Upon hearing that, Hale called the finance company and explained her situation. She said she left the car parked at her house with "no dent," "good condition" and "clean inside" for repossession.

HSBC sold the car for less that Hale owed, and told her she needed to pay $1,700 to make up the difference. She later found out, she said, that the storage company who towed her car damaged it and that was why it had lost so much value.

"We didn't pay to them after that," Hale said, adding she worked with a law firm in Albuquerque to settle with HSBC. "After that we got this letter from the IRS that we need to pay the finance charges and tax. That's $2,500."

"I'm just wondering if that's right or wrong," Hale said. "I didn't know they could do that to you - going to the IRS."

Established by Congress, Bloom said, the CFPB protects consumers by enforcing federal financial consumer laws.

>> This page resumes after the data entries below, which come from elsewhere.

lemma safe_match_not_ousted_in_completion:
  assumes wf: "wf_instance I" and mx: "maximal_feasible I \<sigma>" and safe: "safe I M"
    and J: "completion J I" and \<tau>: "feasible J \<tau>" and unrej: "\<forall>m\<in>M. m \<notin> rejs \<tau>"
    and rh: "(r, h) \<in> M"
  shows "\<not> ousted J (props \<tau>) r h"
proof
  assume ousted_J: "ousted J (props \<tau>) r h"
  have ext: "extension J I" using J by (simp add: completion_def)
  have tent: "tent I = tent_seq \<sigma>" and pend: "pend I = pend_seq I \<sigma>"
    using tent_eq_tent_seq[OF wf mx] pend_eq_pend_seq[OF wf mx] .
  have M: "M \<subseteq> tent_seq \<sigma>" using safe tent by (simp add: safe_def)
  have rhT: "(r, h) \<in> tent_seq \<sigma>" using M rh by blast
  then have "(r, h) \<in> props \<sigma>" by (simp add: tent_seq_def)
  then have rR: "r \<in> Res I" and hH: "h \<in> Hos I"
    using feasible_props_subset[OF wf] mx by (auto simp: maximal_feasible_def)
  have pfh: "prefix (hpref I h) (hpref J h)" and quota: "quota J h = quota I h"
    and listJ: "set (hpref J h) = Res I"
    using J hH by (auto simp: completion_def extension_def complete_instance_def)
  define crowd where "crowd = preceding (hpref J h) r \<inter> res_at h (props \<tau>)"
  have "r \<in> set (hpref J h)" using listJ rR by simp
  then have big: "quota I h \<le> card crowd"
    using ousted_J quota by (simp add: ousted_def crowd_def)
  have relevant: "relevant M h r'" if "r' \<in> crowd" for r'
    using proposer_preceding_relevant[OF wf mx M ext \<tau> unrej rhT] that
    by (auto simp: crowd_def res_at_def)
  have "endangered I M (r, h)"
  proof (cases "r \<in> set (hpref I h)")
    case True
    then have "crowd \<subseteq> {r' \<in> preceding (hpref I h) r. relevant M h r'}"
      using relevant preceding_prefix[OF pfh True] by (auto simp: crowd_def)
    then have "quota I h \<le> card {r' \<in> preceding (hpref I h) r. relevant M h r'}"
      by (intro le_trans[OF big card_mono]) auto
    moreover have "(r, h) \<notin> pend I" using pend True by (simp add: pend_seq_def)
    ultimately show ?thesis using rh rhT tent by (simp add: endangered_def)
  next
    case False
    have "relevant M h r" using rh by (simp add: relevant_def)
    moreover have "crowd \<subseteq> Res I" using preceding_subset[of "hpref J h" r] listJ by (auto simp: crowd_def)
    ultimately have "insert r crowd \<subseteq> {r' \<in> Res I. relevant M h r'}"
      using relevant rR by blast
    then have "card (insert r crowd) \<le> card {r' \<in> Res I. relevant M h r'}"
      using wf by (intro card_mono) (auto simp: wf_instance_def)
    moreover have "card (insert r crowd) = card crowd + 1"
      by (simp add: crowd_def not_in_preceding)
    ultimately have "quota I h + 1 \<le> card {r' \<in> Res I. relevant M h r'}" using big by linarith
    moreover have "(r, h) \<in> pend I" using pend False rhT by (simp add: pend_seq_def)
    ultimately show ?thesis using rh by (simp add: endangered_def)
  qed
  with safe rh show False by (auto simp: safe_def)
qed

lemma safe_matches_not_rejected_in_completion:
  assumes wf: "wf_instance I" and safe: "safe I M" and J: "completion J I" and "feasible J \<tau>"
  shows "M \<inter> rejs \<tau> = {}"
  using assms(4)
proof (induction rule: feasible.induct)
  case feasible_Nil
  then show ?case by (simp add: rejs_def)
next
  case (feasible_Propose \<tau> r h)
  then show ?case by simp
next
  case (feasible_Reject \<tau> r h)
  obtain \<sigma> where "maximal_feasible I \<sigma>" using maximal_feasible_exists[OF wf] by blast
  then have "(r, h) \<notin> M"
    using safe_match_not_ousted_in_completion[OF wf _ safe J feasible_Reject.hyps(1)]
      feasible_Reject.IH feasible_Reject.hyps(2) by blast
  then show ?case using feasible_Reject.IH by simp
qed

theorem proposition8:
  fixes I :: "('r, 'h) hr_instance" and M :: "('r \<times> 'h) set"
  assumes "wf_instance I"
    and "M \<subseteq> tent I"
    and "safe I M"
  shows "\<forall>m\<in>M. finalizable I m"
proof
  fix m assume m: "m \<in> M"
  obtain \<sigma> where \<sigma>: "maximal_feasible I \<sigma>" using maximal_feasible_exists[OF assms(1)] by blast
  have "m \<in> tent J" if J: "completion J I" for J
  proof -
    have ext: "extension J I" and wfJ: "wf_instance J"
      using J by (auto simp: completion_def extension_def)
    obtain \<rho> where \<rho>: "maximal_feasible J \<rho>" using maximal_feasible_exists[OF wfJ] by blast
    have "feasible J \<sigma>"
      using feasible_extension[OF ext assms(1)] \<sigma> by (simp add: maximal_feasible_def)
    then have "props \<sigma> \<subseteq> props \<rho>" by (rule props_mono[OF feasible_subset_maximal[OF wfJ _ \<rho>]])
    moreover have "m \<in> props \<sigma>" using m assms(2) tent_eq_tent_seq[OF assms(1) \<sigma>] by (auto simp: tent_seq_def)
    moreover have "m \<notin> rejs \<rho>"
      using safe_matches_not_rejected_in_completion[OF assms(1,3) J] \<rho> m
      by (auto simp: maximal_feasible_def)
    ultimately show ?thesis using tent_eq_tent_seq[OF wfJ \<rho>] by (auto simp: tent_seq_def)
  qed
  then show "finalizable I m" using m assms(2) by (auto simp: finalizable_def)
qed

end
(* Let $I,J\subset\mathbb{R}$ be open intervals and $f\colon I\to\mathbb{R}$, $g\colon J\to\mathbb{R}$ smooth functions. Let $\alpha(s)=(s,f(s),0)$ (a curve in the plane $\{z=0\}$) and $\beta(t)=(t,0,g(t))$ (a curve in the plane $\{y=0\}$), and consider the translation surface $$x(s,t)=\alpha(s)\ast\beta(t)=(s+t,\,f(s),\,g(t)),\qquad (s,t)\in I\times J,$$ in $\mathrm{Sol}_3$. Then this surface is minimal if and only if one of the following holds: (i) $f$ is constant, $f\equiv y_0$ (the surface is a piece of the plane $y=y_0$); (ii) $g$ is constant, $g\equiv z_0$ (the surface is a piece of the plane $z=z_0$); (iii) there are constants $a\neq 0$ and $b$ with $f(s)=as+b$ for all $s\in I$, and $g(t)=\tfrac12\zeta(t)+m$ where $e^{4m}=a^2$ and $\zeta\colon J\to\mathbb{R}$ is a smooth function satisfying $(\zeta')^2\cosh\zeta=c^2$ on $J$ for some constant $c>0$; equivalently, $I_0(\zeta(t))=\pm ct+d$ for some $d\in\mathbb{R}$, where $I_0(u)=\int_0^u\sqrt{\cosh\tau}\,d\tau$ (so $\zeta=I_0^{-1}(\pm ct+d)$). Moreover, the vertical planes $x=x_0$ are minimal translation surfaces of type I (obtained with $\alpha(s)=(x_0',s,0)$, $\beta(t)=(x_0'',0,t)$, $x_0'+x_0''=x_0$).
   Context: $\mathrm{Sol}_3$ is $\mathbb{R}^3$ with coordinates $(x,y,z)$, the Riemannian metric $e^{2z}dx^2+e^{-2z}dy^2+dz^2$, and the Lie group operation $(x,y,z)\ast(x',y',z')=(x+e^{-z}x',\,y+e^{z}y',\,z+z')$, for which the metric is left-invariant. A translation surface $M(\alpha,\beta)$ is a surface parametrized by $x(s,t)=\alpha(s)\ast\beta(t)$ where $\alpha,\beta$ are curves lying in coordinate planes of $\mathbb{R}^3$; it is of type I if $\alpha\subset\{z=0\}$ and $\beta\subset\{y=0\}$. A surface is minimal if its mean curvature (half the trace of the Weingarten map, computed with the Levi-Civita connection of the metric above) vanishes identically. *)

theory Defs
  imports "HOL-Analysis.Analysis"
begin

(* Points of Sol_3 are vectors p :: real^3 with coordinates x = p$1, y = p$2, z = p$3. *)

definition sol_pt :: "real \<Rightarrow> real \<Rightarrow> real \<Rightarrow> real^3" where
  "sol_pt a b c = vector [a, b, c]"

definition sol_mult :: "real^3 \<Rightarrow> real^3 \<Rightarrow> real^3" where
  "sol_mult p q = sol_pt (p$1 + exp (- (p$3)) * q$1) (p$2 + exp (p$3) * q$2) (p$3 + q$3)"

definition sol_g :: "real^3 \<Rightarrow> 3 \<Rightarrow> 3 \<Rightarrow> real" where
  "sol_g p i j = (if i = j then (if i = 1 then exp (2 * p$3) else if i = 2 then exp (-2 * p$3) else 1) else 0)"

definition sol_inner :: "real^3 \<Rightarrow> real^3 \<Rightarrow> real^3 \<Rightarrow> real" where
  "sol_inner p U V = (\<Sum>i\<in>UNIV. \<Sum>j\<in>UNIV. sol_g p i j * U$i * V$j)"

definition sol_ginv :: "real^3 \<Rightarrow> real^3^3" where
  "sol_ginv p = matrix_inv (\<chi> i j. sol_g p i j)"

definition coord_pd :: "3 \<Rightarrow> (real^3 \<Rightarrow> real) \<Rightarrow> real^3 \<Rightarrow> real" where
  "coord_pd i \<phi> p = deriv (\<lambda>h. \<phi> (p + h *\<^sub>R axis i 1)) 0"

definition sol_christoffel :: "real^3 \<Rightarrow> 3 \<Rightarrow> 3 \<Rightarrow> 3 \<Rightarrow> real" where
  "sol_christoffel p k i j = (1/2) * (\<Sum>l\<in>UNIV. sol_ginv p $ k $ l *
      (coord_pd i (\<lambda>q. sol_g q j l) p + coord_pd j (\<lambda>q. sol_g q i l) p - coord_pd l (\<lambda>q. sol_g q i j) p))"
theorem mainTheorem3:
  fixes X Y :: "(real^'n) set" and f g H u :: "real^'n \<Rightarrow> real"
  assumes H1: "convex X" "bounded X" "open X" "convex Y" "bounded Y" "open Y"
    and H2: "f absolutely_integrable_on X" "\<forall>x\<in>X. f x \<ge> 0" "lsc_on X f"
    and H3: "g absolutely_integrable_on UNIV" "\<forall>y\<in>Y. g y > 0" "\<forall>y. y \<notin> Y \<longrightarrow> g y = 0"
            "usc_on UNIV g"
    and H4: "integral X f = integral Y g"
    and HH: "defining_function Y H"
    and sub: "viscosity_subsolution X f g H u"
  shows "subdiff_set X u X \<subseteq> closure Y"
proof
  fix p assume "p \<in> subdiff_set X u X"
  then obtain x0 where x0: "x0 \<in> X" "\<And>y. y \<in> X \<Longrightarrow> u x0 + p \<bullet> (y - x0) \<le> u y"
    unfolding subdiff_set_def subdiff_def by blast
  show "p \<in> closure Y"
  proof (rule ccontr)
    assume "p \<notin> closure Y"
    then obtain a b where ab: "a \<bullet> p < b" "\<And>q. q \<in> closure Y \<Longrightarrow> b < a \<bullet> q"
      using separating_hyperplane_closed_point[OF convex_closure[OF H1(4)] closed_closure] by blast
    have usc: "usc_on X u" using sub unfolding viscosity_subsolution_def by blast
    obtain \<phi> D\<phi> A y1 where "C2_with \<phi> D\<phi> (\<lambda>_. A)" "symmetric_mat A" "y1 \<in> X"
      "\<exists>\<epsilon>>0. \<forall>y\<in>X. dist y y1 < \<epsilon> \<longrightarrow> u y - \<phi> y \<le> u y1 - \<phi> y1"
      and D\<phi>: "a \<bullet> D\<phi> y1 \<le> a \<bullet> p + (b - a \<bullet> p)"
      using subgradient_touched_by_C2[OF H1(3) x0(1) usc x0(2)] ab(1) by (metis diff_gt_0_iff_gt)
    then have "opF_lower X f g H y1 (D\<phi> y1) A \<le> 0"
      using sub unfolding viscosity_subsolution_def by fastforce
    then have "H (D\<phi> y1) \<le> 0"
      using opF_lower_nonpos_imp_defining_function_nonpos HH H1(5) \<open>y1 \<in> X\<close> \<open>symmetric_mat A\<close> by blast
    then have "D\<phi> y1 \<in> closure Y" using HH unfolding defining_function_def by force
    then show False using ab(2) D\<phi> by fastforce
  qed
qed

end
section \<open>Paths in the transition graph\<close>

lemma cost_diff_le:
  assumes "s \<in> configs M \<nu> \<nu>b" and "t \<in> configs M \<nu> \<nu>b" and "\<forall>i<\<nu>. c i \<in> {-1..1}"
  shows "cost \<nu> c s - cost \<nu> c t \<le> real \<nu> * real M"
proof -
  have "c i * (real (fst s ! i) - real (fst t ! i)) \<le> real M" if i: "i < \<nu>" for i
  proof -
    have "fst s ! i \<le> M" and "fst t ! i \<le> M"
      using assms(1,2) i by (auto simp: configs_def)
    then have "\<bar>real (fst s ! i) - real (fst t ! i)\<bar> \<le> real M"
      by linarith
    moreover have "\<bar>c i\<bar> \<le> 1"
      using assms(3) i by auto
    ultimately have "\<bar>c i\<bar> * \<bar>real (fst s ! i) - real (fst t ! i)\<bar> \<le> 1 * real M"
      by (intro mult_mono) auto
    then show ?thesis
      by (metis abs_ge_self abs_mult mult_1 order_trans)
  qed
  then have "(\<Sum>i<\<nu>. c i * (real (fst s ! i) - real (fst t ! i))) \<le> (\<Sum>i<\<nu>. real M)"
    by (intro sum_mono) auto
  then show ?thesis
    unfolding cost_def by (simp add: sum_subtractf algebra_simps)
qed

lemma trans_path_nth_mem:
  assumes "p \<in> trans_paths \<nu> c S N" and "j < length p"
  shows "p ! j \<in> S"
  using assms nth_mem unfolding trans_paths_def by blast

lemma trans_path_cost_less:
  assumes "p \<in> trans_paths \<nu> c S N" and "j < j'" and "j' < length p"
  shows "cost \<nu> c (p ! j') < cost \<nu> c (p ! j)"
proof -
  have "(p ! j, p ! Suc j) \<in> trans_edges \<nu> c S N" if "j \<in> {..<length p - 1}" for j
    using assms(1) that unfolding trans_paths_def by blast
  then have "- cost \<nu> c (p ! j) < - cost \<nu> c (p ! Suc j)" if "j \<in> {..<length p - 1}" for j
    using that by (simp add: trans_edges_def)
  moreover have "{j..<j'} \<subseteq> {..<length p - 1}"
    using assms(3) by auto
  ultimately have "- cost \<nu> c (p ! j) < - cost \<nu> c (p ! j')"
    by (rule lift_Suc_mono_less_ivl[OF _ assms(2)])
  then show ?thesis
    by simp
qed

text \<open>Costs strictly decrease along a path, so its configurations have pairwise distinct cost parts.\<close>
lemma length_trans_path_le:
  assumes p: "p \<in> trans_paths \<nu> c S N" and S: "S \<subseteq> configs M \<nu> \<nu>b"
  shows "length p \<le> (M + 1) ^ \<nu>"
proof -
  have inj: "inj_on (\<lambda>j. fst (p ! j)) {..<length p}"
  proof (rule inj_onI)
    fix j j' assume j: "j \<in> {..<length p}" "j' \<in> {..<length p}" and eq: "fst (p ! j) = fst (p ! j')"
    then have "cost \<nu> c (p ! j) = cost \<nu> c (p ! j')"
      by (simp add: cost_def)
    with j show "j = j'"
      using trans_path_cost_less[OF p, of j j'] trans_path_cost_less[OF p, of j' j]
      by (cases j j' rule: linorder_cases) auto
  qed
  have "p ! j \<in> configs M \<nu> \<nu>b" if "j < length p" for j
    using trans_path_nth_mem[OF p that] S by blast
  then have "(\<lambda>j. fst (p ! j)) ` {..<length p} \<subseteq> {xs. set xs \<subseteq> {0..M} \<and> length xs = \<nu>}"
    by (auto simp: configs_def)
  then have "card {..<length p} \<le> card {xs. set xs \<subseteq> {0..M} \<and> length xs = \<nu>}"
    by (intro card_inj_on_le[OF inj]) (simp_all add: finite_lists_length_eq)
  then show ?thesis
    by (simp add: card_lists_length_eq)
qed

text \<open>The gains of the \<open>k\<close> steps of a path telescope to at most \<open>\<nu> M\<close>, so the smallest one is at
  most \<open>\<nu> M / k\<close>.\<close>
lemma trans_path_has_small_gain_step:
  assumes p: "p \<in> trans_paths \<nu> c S N" and S: "S \<subseteq> configs M \<nu> \<nu>b" and c: "\<forall>i<\<nu>. c i \<in> {-1..1}"
    and j: "1 \<le> j" "j \<le> length p - 1"
  shows "\<exists>e\<in>nbh_edges S N. c \<in> small_gain \<nu> (diff_vec \<nu> e) (real \<nu> * real M / real j)"
proof -
  let ?k = "length p - 1"
  let ?gain = "\<lambda>j. cost \<nu> c (p ! j) - cost \<nu> c (p ! Suc j)"
  have steps: "(p ! j, p ! Suc j) \<in> trans_edges \<nu> c S N" if "j < ?k" for j
    using p that by (auto simp: trans_paths_def)
  have "0 < ?k" and "?k < length p"
    using j by auto
  then have "p ! 0 \<in> configs M \<nu> \<nu>b" and "p ! ?k \<in> configs M \<nu> \<nu>b"
    using trans_path_nth_mem[OF p] S by (meson less_trans subsetD)+
  then have "cost \<nu> c (p ! 0) - cost \<nu> c (p ! ?k) \<le> real \<nu> * real M"
    by (rule cost_diff_le[OF _ _ c])
  then have total: "(\<Sum>j<?k. ?gain j) \<le> real \<nu> * real M"
    by (simp only: sum_lessThan_telescope'[of "\<lambda>j. cost \<nu> c (p ! j)"])
  obtain j0 where j0: "j0 < ?k" "?gain j0 \<le> real \<nu> * real M / real ?k"
  proof (rule ccontr)
    assume "\<not> thesis"
    with that have "\<forall>j0<?k. real \<nu> * real M / real ?k < ?gain j0"
      by force
    then have "(\<Sum>j<?k. real \<nu> * real M / real ?k) < (\<Sum>j<?k. ?gain j)"
      using \<open>0 < ?k\<close> by (intro sum_strict_mono) (auto simp: lessThan_empty_iff)
    with total show False
      using j by simp
  qed
  moreover have "real \<nu> * real M / real ?k \<le> real \<nu> * real M / real j"
    using j by (intro divide_left_mono) auto
  moreover have "(p ! j0, p ! Suc j0) \<in> nbh_edges S N" and "0 < ?gain j0"
    using steps[OF j0(1)] by (auto simp: trans_edges_def)
  moreover have "(\<Sum>i<\<nu>. of_int (diff_vec \<nu> (p ! j0, p ! Suc j0) i) * c i) = ?gain j0"
    by (rule cost_diff_eq_diff_vec[symmetric])
  ultimately show ?thesis
    unfolding small_gain_def by (intro bexI[of _ "(p ! j0, p ! Suc j0)"]) simp_all
qed
(* Let $B$ be an nbc basis of $M$ with $|\mathrm{IA}(B)|=k+1$. Write $B-\mathrm{IA}(B)=\{e_1>\cdots>e_{r-k}\}$ and $(E-B)-\min(E-B)=\{e_{r-k+1}<\cdots<e_{n-k-1}\}$. Define pairs $F_j|G_j$ for $1\le j\le n-k-1$ by \[ F_j|G_j=\begin{cases}\mathrm{cl}\{e_1,\dots,e_j\}\,|\,E & 1\le j\le r-k,\\ E\,|\,\mathrm{cl}^\perp\{e_j,e_{j+1},\dots,e_{n-k-1}\} & r-k+1\le j\le n-k-1.\end{cases} \] Then $\{F_1|G_1,\dots,F_{n-k-1}|G_{n-k-1}\}$ is a biflag of $M$ (the nbc biflag $\mathcal F(B)|\mathcal G(B)$).
   Context: Let $M$ be a matroid with no loops and no coloops on the ground set $E=\{0,1,\dots,n\}$, totally ordered by the usual order of integers, of rank $r+1$; its dual $M^\perp$ has rank $n-r$. Write $\mathrm{cl}$, $\mathrm{cl}^\perp$ for the closure operators of $M$, $M^\perp$. A biflat of $M$ is a pair $F|G$ where $F$ is a flat of $M$, $G$ is a flat of $M^\perp$, both are nonempty, they are not both equal to $E$, and $F\cup G=E$. Two biflats $F|G$, $F'|G'$ are compatible if ($F\subseteq F'$ and $G\supseteq G'$) or ($F\supseteq F'$ and $G\subseteq G'$). A biflag is a set of pairwise compatible biflats with $\bigcup_{F|G}(F\cap G)\neq E$. For a basis $B$ and $i\in B$, $C^\perp(B,i)$ is the unique cocircuit of $M$ contained in $(E-B)\cup i$ and containing $i$; for $i\notin B$, $C(B,i)$ is the unique circuit contained in $B\cup i$ and containing $i$. $\mathrm{IA}(B)=\{i\in B: i=\min C^\perp(B,i)\}$, $\mathrm{EA}(B)=\{i\notin B: i=\min C(B,i)\}$. $B$ is an nbc basis if $\mathrm{EA}(B)=\emptyset$. *)

theory Defs
  imports Main
begin

definition matroid_bases :: "'a set \<Rightarrow> 'a set set \<Rightarrow> bool" where
  "matroid_bases E Bs \<longleftrightarrow> finite E \<and> Bs \<noteq> {} \<and> (\<forall>B\<in>Bs. B \<subseteq> E) \<and>
     (\<forall>B1\<in>Bs. \<forall>B2\<in>Bs. \<forall>x\<in>B1 - B2. \<exists>y\<in>B2 - B1. insert y (B1 - {x}) \<in> Bs)"

definition indep :: "'a set set \<Rightarrow> 'a set \<Rightarrow> bool" where
  "indep Bs X \<longleftrightarrow> (\<exists>B\<in>Bs. X \<subseteq> B)"

definition rk :: "'a set set \<Rightarrow> 'a set \<Rightarrow> nat" where
  "rk Bs X = Max {card Y | Y. Y \<subseteq> X \<and> indep Bs Y}"

definition cl :: "'a set \<Rightarrow> 'a set set \<Rightarrow> 'a set \<Rightarrow> 'a set" where
  "cl E Bs X = {x \<in> E. rk Bs (insert x X) = rk Bs X}"

definition is_flat :: "'a set \<Rightarrow> 'a set set \<Rightarrow> 'a set \<Rightarrow> bool" where
  "is_flat E Bs F \<longleftrightarrow> F \<subseteq> E \<and> cl E Bs F = F"

definition dual_bases :: "'a set \<Rightarrow> 'a set set \<Rightarrow> 'a set set" where
  "dual_bases E Bs = (\<lambda>B. E - B) ` Bs"

definition is_circuit :: "'a set \<Rightarrow> 'a set set \<Rightarrow> 'a set \<Rightarrow> bool" where
  "is_circuit E Bs C \<longleftrightarrow> C \<subseteq> E \<and> \<not> indep Bs C \<and> (\<forall>x\<in>C. indep Bs (C - {x}))"

definition is_cocircuit :: "'a set \<Rightarrow> 'a set set \<Rightarrow> 'a set \<Rightarrow> bool" where
  "is_cocircuit E Bs C \<longleftrightarrow> is_circuit E (dual_bases E Bs) C"

definition is_loop :: "'a set \<Rightarrow> 'a set set \<Rightarrow> 'a \<Rightarrow> bool" where
  "is_loop E Bs x \<longleftrightarrow> x \<in> E \<and> (\<forall>B\<in>Bs. x \<notin> B)"

definition is_coloop :: "'a set \<Rightarrow> 'a set set \<Rightarrow> 'a \<Rightarrow> bool" where
  "is_coloop E Bs x \<longleftrightarrow> x \<in> E \<and> (\<forall>B\<in>Bs. x \<in> B)"

text \<open>Fundamental circuit C(B,i) (i not in B) and fundamental cocircuit C-perp(B,i) (i in B).\<close>
definition fund_circuit :: "'a set \<Rightarrow> 'a set set \<Rightarrow> 'a set \<Rightarrow> 'a \<Rightarrow> 'a set" where
  "fund_circuit E Bs B i = (THE C. is_circuit E Bs C \<and> C \<subseteq> insert i B \<and> i \<in> C)"

definition fund_cocircuit :: "'a set \<Rightarrow> 'a set set \<Rightarrow> 'a set \<Rightarrow> 'a \<Rightarrow> 'a set" where
  "fund_cocircuit E Bs B i = (THE C. is_cocircuit E Bs C \<and> C \<subseteq> insert i (E - B) \<and> i \<in> C)"

definition IA :: "'a::linorder set \<Rightarrow> 'a set set \<Rightarrow> 'a set \<Rightarrow> 'a set" where
  "IA E Bs B = {i \<in> B. i = Min (fund_cocircuit E Bs B i)}"

definition EA :: "'a::linorder set \<Rightarrow> 'a set set \<Rightarrow> 'a set \<Rightarrow> 'a set" where
  "EA E Bs B = {i \<in> E - B. i = Min (fund_circuit E Bs B i)}"

definition nbc_basis :: "'a::linorder set \<Rightarrow> 'a set set \<Rightarrow> 'a set \<Rightarrow> bool" where
  "nbc_basis E Bs B \<longleftrightarrow> B \<in> Bs \<and> EA E Bs B = {}"

definition is_biflat :: "'a set \<Rightarrow> 'a set set \<Rightarrow> 'a set \<times> 'a set \<Rightarrow> bool" where
  "is_biflat E Bs FG \<longleftrightarrow> (case FG of (F, G) \<Rightarrow>
     is_flat E Bs F \<and> is_flat E (dual_bases E Bs) G \<and> F \<noteq> {} \<and> G \<noteq> {} \<and>
     \<not> (F = E \<and> G = E) \<and> F \<union> G = E)"

definition compatible :: "'a set \<times> 'a set \<Rightarrow> 'a set \<times> 'a set \<Rightarrow> bool" where
  "compatible FG FG' \<longleftrightarrow> (case FG of (F, G) \<Rightarrow> case FG' of (F', G') \<Rightarrow>
     (F \<subseteq> F' \<and> G' \<subseteq> G) \<or> (F' \<subseteq> F \<and> G \<subseteq> G'))"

She said consumers can submit complaints against an auto finance company at consumerfinance.gov or call 855-411-2372.

Human Rights Watch representative Arvind Ganesan, like Bloom, attended the hearing to document any payday, online and auto title lending.

"I came here today to talk to some of the commissioner members and hear the testimony of people about auto title lending," he said. "Although we haven't heard any auto title lending, I'm trying to also get a sense of issues facing people today."

As part of his work, Ganesan has traveled to the Cheyenne River Sioux, Crow Creek, Acoma, Laguna and the Pottawatomi reservations, among others, to document the issue of auto title lending and find out the impact it has in tribal communities.

"What we learned is that these types of loans are widely used and in certain circumstances can cause real hardship for people because they're very expensive..." he said.

Although he didn't hear testimony about any auto title lending, Ganesan said it doesn't mean it's not an issue.

"Here, nobody has testified on it," he said. "It means that the issues of the people that are here that are more pressing are how they're treated by the auto dealers and finance companies."

Other testimonies ranged from repossessions, electronic lockouts, high interest rates, deceptive marketing tactics like "bait and switch" as well as the "yo-yo sales."

"It is incumbent for our Navajo people to know their rights," Darden said.